Saved data entries:

lemma det_corner_mat_rev:
  assumes "\<And>s. 1 \<le> s \<Longrightarrow> s \<le> k \<Longrightarrow> g s = k + 1 - s"
  shows "det (corner_mat k g) = (- 1) ^ k * (- 1) ^ (k choose 2)"
proof -
  have "mat_delete (corner_mat k g) 0 0
      = (- 1) \<cdot>\<^sub>m mat k k (\<lambda>(i, j). if Suc (i + j) = k then 1 else 0)"
    by (rule eq_matI) (auto simp: mat_delete_def corner_mat_def assms)
  then show ?thesis using assms by (simp add: det_corner_mat_delete [of 0] det_exchange_mat)
qed

lemma det_corner_mat_rev_pred:
  assumes "\<And>s. 1 \<le> s \<Longrightarrow> s \<le> k \<Longrightarrow> g s = k - s"
  shows "det (corner_mat k g) = (- 1) ^ (k choose 2)"
proof -
  have "mat_delete (corner_mat k g) 0 k
      = (- 1) \<cdot>\<^sub>m mat k k (\<lambda>(i, j). if Suc (i + j) = k then 1 else 0)"
    by (rule eq_matI) (auto simp: mat_delete_def corner_mat_def assms)
  moreover have "(- 1 :: int) ^ k * (- 1) ^ k = 1"
    by (simp flip: power_mult_distrib)
  ultimately show ?thesis
    using assms by (simp add: det_corner_mat_delete [of k] det_exchange_mat mult.assoc [symmetric])
qed

lemma det_corner_mat_repeat:
  assumes "1 \<le> s" "s < s'" "s' \<le> k" "g s = g s'"
  shows "det (corner_mat k g) = 0"
proof (rule det_identical_rows [of _ "Suc k"])
  show "row (corner_mat k g) s = row (corner_mat k g) s'"
    by (rule eq_vecI) (use assms in \<open>auto simp: corner_mat_def\<close>)
qed (use assms in \<open>auto simp: corner_mat_def\<close>)

lemma det_reduced_mat_eq_corner:
  assumes n: "n = a + Suc k"
  shows "det (reduced_mat k n) = (- 1) ^ (a * (k + 2)) * det (corner_mat k (\<lambda>s. fold_index k (a + s)))"
proof -
  let ?C = "corner_mat k (\<lambda>s. fold_index k (a + s))"
  have M: "reduced_mat k n \<in> carrier_mat n n" by (simp add: reduced_mat_def)
  \<comment> \<open>rows \<open>1, \<dots>, a\<close> have their entry \<open>1\<close> in columns \<open>k + 1, \<dots>, k + a\<close>; moving these rows and
    columns to the front leaves an identity block above the corner\<close>
  define B where "B = mat n n (\<lambda>(i, j). reduced_mat k n $$ (if i < a then i + 1 else if i < 1 + a then i - a else i, j))"
  have dB: "det (reduced_mat k n) = (- 1) ^ (1 * a) * det B"
    unfolding B_def by (rule det_swap_initial_rows [OF M]) (use n in simp)
  have B: "B \<in> carrier_mat (a + Suc k) (a + Suc k)" using n by (simp add: B_def)
  define C where "C = mat (a + Suc k) (a + Suc k) (\<lambda>(i, j). B $$ (i, if j < a then j + Suc k else j - a))"
  have dC: "det B = (- 1) ^ (a * Suc k) * det C"
    unfolding C_def by (rule det_swap_cols [OF B])
  define D where "D = mat a (Suc k) (\<lambda>(i, j). C $$ (i, j + a))"
  have blocks: "C = four_block_mat (1\<^sub>m a) D (0\<^sub>m (Suc k) a) ?C"
  proof (rule eq_matI)
    fix i j assume "i < dim_row (four_block_mat (1\<^sub>m a) D (0\<^sub>m (Suc k) a) ?C)"
      "j < dim_col (four_block_mat (1\<^sub>m a) D (0\<^sub>m (Suc k) a) ?C)"
    then have "i < a + Suc k" "j < a + Suc k" by (auto simp: D_def corner_mat_def)
    then show "C $$ (i, j) = four_block_mat (1\<^sub>m a) D (0\<^sub>m (Suc k) a) ?C $$ (i, j)"
      using n fold_index_le [of k "Suc i"] fold_index_le [of k i] fold_index_le [of k "a + (i - a)"]
      by (auto simp: C_def B_def reduced_mat_def D_def corner_mat_def)
  qed (auto simp: C_def D_def corner_mat_def)
  have "det C = det (1\<^sub>m a) * det ?C"
    unfolding blocks by (rule det_four_block_mat_lower_left_zero) (auto simp: D_def corner_mat_def)
  moreover have "(- 1 :: int) ^ a * (- 1) ^ (a * Suc k) = (- 1) ^ (a * (k + 2))"
    by (simp flip: power_add add: algebra_simps)
  ultimately show ?thesis using dB dC by simp
qed

definition corner_value :: "nat \<Rightarrow> nat \<Rightarrow> int" where
  "corner_value k r =
     (if r = 0 then (- 1) ^ k * (- 1) ^ (k choose 2)
      else if r = 1 then (- 1) ^ (k choose 2)
      else if r = k + 1 then 1
      else if r = k + 2 then (- 1) ^ k
      else 0)"

lemma fold_index_add:
  assumes "1 \<le> s"
  shows "fold_index k (a + s)
    = (let t = (a mod (2 * k + 2) + (s - 1)) mod (2 * k + 2) in if t \<le> k then k - t else t - k - 1)"
proof -
  have "a + s - 1 = a + (s - 1)" using assms by simp
  then show ?thesis unfolding fold_index_def by (simp add: mod_add_left_eq)
qed

lemma det_corner_mat_fold_index:
  "det (corner_mat k (\<lambda>s. fold_index k (a + s))) = corner_value k (a mod (2 * k + 2))"
proof -
  define r where "r = a mod (2 * k + 2)"
  have r: "r < 2 * k + 2" unfolding r_def by simp
  have g: "fold_index k (a + s)
      = (let t = (r + (s - 1)) mod (2 * k + 2) in if t \<le> k then k - t else t - k - 1)"
    if "1 \<le> s" for s
    using fold_index_add [OF that] unfolding r_def .
  consider "r = 0" | "r = 1" "k \<ge> 1" | "2 \<le> r" "r \<le> k" | "r = k + 1" | "r = k + 2" | "k + 3 \<le> r"
    using r by linarith
  then have "det (corner_mat k (\<lambda>s. fold_index k (a + s))) = corner_value k r"
  proof cases
    case 1
    then show ?thesis
      by (subst det_corner_mat_rev) (auto simp: g Let_def corner_value_def)
  next
    case 2
    then show ?thesis
      by (subst det_corner_mat_rev_pred) (auto simp: g Let_def corner_value_def)
  next
    case 3
    have "fold_index k (a + (k - r + 1)) = 0" "fold_index k (a + (k - r + 2)) = 0"
      using 3 g [of "k - r + 1"] g [of "k - r + 2"] by (simp_all add: Let_def)
    with 3 show ?thesis
      by (subst det_corner_mat_repeat [of "k - r + 1" "k - r + 2"]) (auto simp: corner_value_def)
  next
    case 4
    then show ?thesis
      by (subst det_corner_mat_pred) (auto simp: g Let_def corner_value_def numeral_2_eq_2)
  next
    case 5
    then show ?thesis
      by (subst det_corner_mat_id) (auto simp: g Let_def corner_value_def)
  next
    case 6
    have "fold_index k (a + (2 * k + 2 - r)) = k" "fold_index k (a + (2 * k + 3 - r)) = k"
      using 6 r g [of "2 * k + 2 - r"] g [of "2 * k + 3 - r"] by (simp_all add: Let_def)
    with 6 r show ?thesis
      by (subst det_corner_mat_repeat [of "2 * k + 2 - r" "2 * k + 3 - r"]) (auto simp: corner_value_def)
  qed
  then show ?thesis unfolding r_def .
qed

lemma det_reduced_mat_small:
  assumes "1 \<le> n" "n \<le> k"
  shows "det (reduced_mat k n) = (if n = 1 then 1 else 0)"
proof (cases "n = 1")
  case True
  have "det (reduced_mat k 1) = reduced_mat k 1 $$ (0, 0) * det (mat_delete (reduced_mat k 1) 0 0)"
    by (subst det_single_entry_col [of _ 1 0 0]) (auto simp: reduced_mat_def)
  also have "\<dots> = 1" by (simp add: reduced_mat_def mat_delete_def det_dim_zero)
  finally show ?thesis using True by simp
next
  case False
  with assms have n: "2 \<le> n" by simp
  have "fold_index k 1 = k" by (simp add: fold_index_def)
  \<comment> \<open>row \<open>1\<close> vanishes: its entries would sit in columns \<open>k + 1\<close> and \<open>k\<close>\<close>
  then have "det (reduced_mat k n) = (\<Sum>j<n. reduced_mat k n $$ (1, j) * cofactor (reduced_mat k n) 1 j)"
    using n by (intro laplace_expansion_row) (auto simp: reduced_mat_def)
  also have "\<dots> = 0"
    using n assms \<open>fold_index k 1 = k\<close> by (intro sum.neutral) (auto simp: reduced_mat_def)
  finally show ?thesis using False by simp
qed

definition hankel_det_value :: "nat \<Rightarrow> nat \<Rightarrow> int" where
  "hankel_det_value k n =
     (if n mod (k + 1) = 0 then (- 1) ^ ((n div (k + 1)) * ((k + 1) choose 2))
      else if n mod (k + 1) = 1 then (- 1) ^ ((n div (k + 1)) * ((k + 1) choose 2))
      else 0)"

lemma hankel_det_value_mult_add:
  assumes "t < k + 1"
  shows "hankel_det_value k ((k + 1) * m + t) = (if t \<le> 1 then (- 1) ^ (m * ((k + 1) choose 2)) else 0)"
proof -
  have "(d * m + t) mod d = t \<and> (d * m + t) div d = m" if "t < d" for d
    using that by simp
  then have "((k + 1) * m + t) mod (k + 1) = t" "((k + 1) * m + t) div (k + 1) = m"
    using assms by blast+
  with assms show ?thesis unfolding hankel_det_value_def by auto
qed

lemma hankel_det_value_eq_corner_value:
  "hankel_det_value k (a + Suc k) = (- 1) ^ (a * (k + 2)) * corner_value k (a mod (2 * k + 2))"
proof -
  define q where "q = a div (2 * k + 2)"
  define r where "r = a mod (2 * k + 2)"
  have a: "a = (2 * k + 2) * q + r" unfolding q_def r_def by (metis div_mult_mod_eq mult.commute)
  have r: "r < 2 * k + 2" unfolding r_def by simp
  have choose: "Suc k choose 2 = k + (k choose 2)" by (simp add: numeral_2_eq_2)
  consider "r = 0" | "r = 1" "k \<ge> 1" | "2 \<le> r" "r \<le> k" | "r = k + 1" | "r = k + 2" | "k + 3 \<le> r"
    using r by linarith
  then have "hankel_det_value k (a + Suc k) = (- 1) ^ (a * (k + 2)) * corner_value k r"
  proof cases
    case 1
    then have n: "a + Suc k = (k + 1) * (2 * q + 1) + 0" and p: "even a"
      using a by (simp_all add: algebra_simps)
    show ?thesis
      by (subst n, subst hankel_det_value_mult_add)
        (use 1 p in \<open>simp_all add: corner_value_def choose minus_one_power_iff even_add\<close>)
  next
    case 2
    then have n: "a + Suc k = (k + 1) * (2 * q + 1) + 1" and p: "odd a"
      using a by (simp_all add: algebra_simps)
    show ?thesis
      by (subst n, subst hankel_det_value_mult_add)
        (use 2 p in \<open>simp_all add: corner_value_def choose minus_one_power_iff even_add\<close>)
  next
    case 3
    then have n: "a + Suc k = (k + 1) * (2 * q + 1) + r" using a by (simp add: algebra_simps)
    show ?thesis
      by (subst n, subst hankel_det_value_mult_add)
        (use 3 in \<open>simp_all add: corner_value_def\<close>)
  next
    case 4
    then have n: "a + Suc k = (k + 1) * (2 * q + 2) + 0" using a by (simp add: algebra_simps)
    have p: "(- 1 :: int) ^ (a * (k + 2)) = 1" "(- 1 :: int) ^ ((2 * q + 2) * m) = 1" for m
      using a 4 by (simp_all add: minus_one_power_iff even_add)
    have "(- 1 :: int) ^ (0 choose 2) = 1" by (simp add: numeral_2_eq_2)
    then show ?thesis
      by (subst n, subst hankel_det_value_mult_add) (use 4 p in \<open>simp_all add: corner_value_def\<close>)
  next
    case 5
    then have n: "a + Suc k = (k + 1) * (2 * q + 2) + 1" and p: "even (a * (k + 2)) \<longleftrightarrow> even k"
      using a by (simp_all add: algebra_simps even_add)
    show ?thesis
      by (subst n, subst hankel_det_value_mult_add)
        (use 5 p r in \<open>simp_all add: corner_value_def minus_one_power_iff\<close>)
  next
    case 6
    then have n: "a + Suc k = (k + 1) * (2 * q + 2) + (r - (k + 1))" using a by (simp add: algebra_simps)
    show ?thesis
      by (subst n, subst hankel_det_value_mult_add)
        (use 6 r in \<open>simp_all add: corner_value_def\<close>)
  qed
  then show ?thesis unfolding r_def .
qed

▸ **Instructions to follow**
Restate the data verbatim through the "proof (rule det_identical_rows" line.

▸ **Result of the exercise**
lemma det_corner_mat_rev:
  assumes "\<And>s. 1 \<le> s \<Longrightarrow> s \<le> k \<Longrightarrow> g s = k + 1 - s"
  shows "det (corner_mat k g) = (- 1) ^ k * (- 1) ^ (k choose 2)"
proof -
  have "mat_delete (corner_mat k g) 0 0
      = (- 1) \<cdot>\<^sub>m mat k k (\<lambda>(i, j). if Suc (i + j) = k then 1 else 0)"
    by (rule eq_matI) (auto simp: mat_delete_def corner_mat_def assms)
  then show ?thesis using assms by (simp add: det_corner_mat_delete [of 0] det_exchange_mat)
qed

lemma det_corner_mat_rev_pred:
  assumes "\<And>s. 1 \<le> s \<Longrightarrow> s \<le> k \<Longrightarrow> g s = k - s"
  shows "det (corner_mat k g) = (- 1) ^ (k choose 2)"
proof -
  have "mat_delete (corner_mat k g) 0 k
      = (- 1) \<cdot>\<^sub>m mat k k (\<lambda>(i, j). if Suc (i + j) = k then 1 else 0)"
    by (rule eq_matI) (auto simp: mat_delete_def corner_mat_def assms)
  moreover have "(- 1 :: int) ^ k * (- 1) ^ k = 1"
    by (simp flip: power_mult_distrib)
  ultimately show ?thesis
    using assms by (simp add: det_corner_mat_delete [of k] det_exchange_mat mult.assoc [symmetric])
qed

lemma det_corner_mat_repeat:
  assumes "1 \<le> s" "s < s'" "s' \<le> k" "g s = g s'"
  shows "det (corner_mat k g) = 0"
proof (rule det_identical_rows [of _ "Suc k"])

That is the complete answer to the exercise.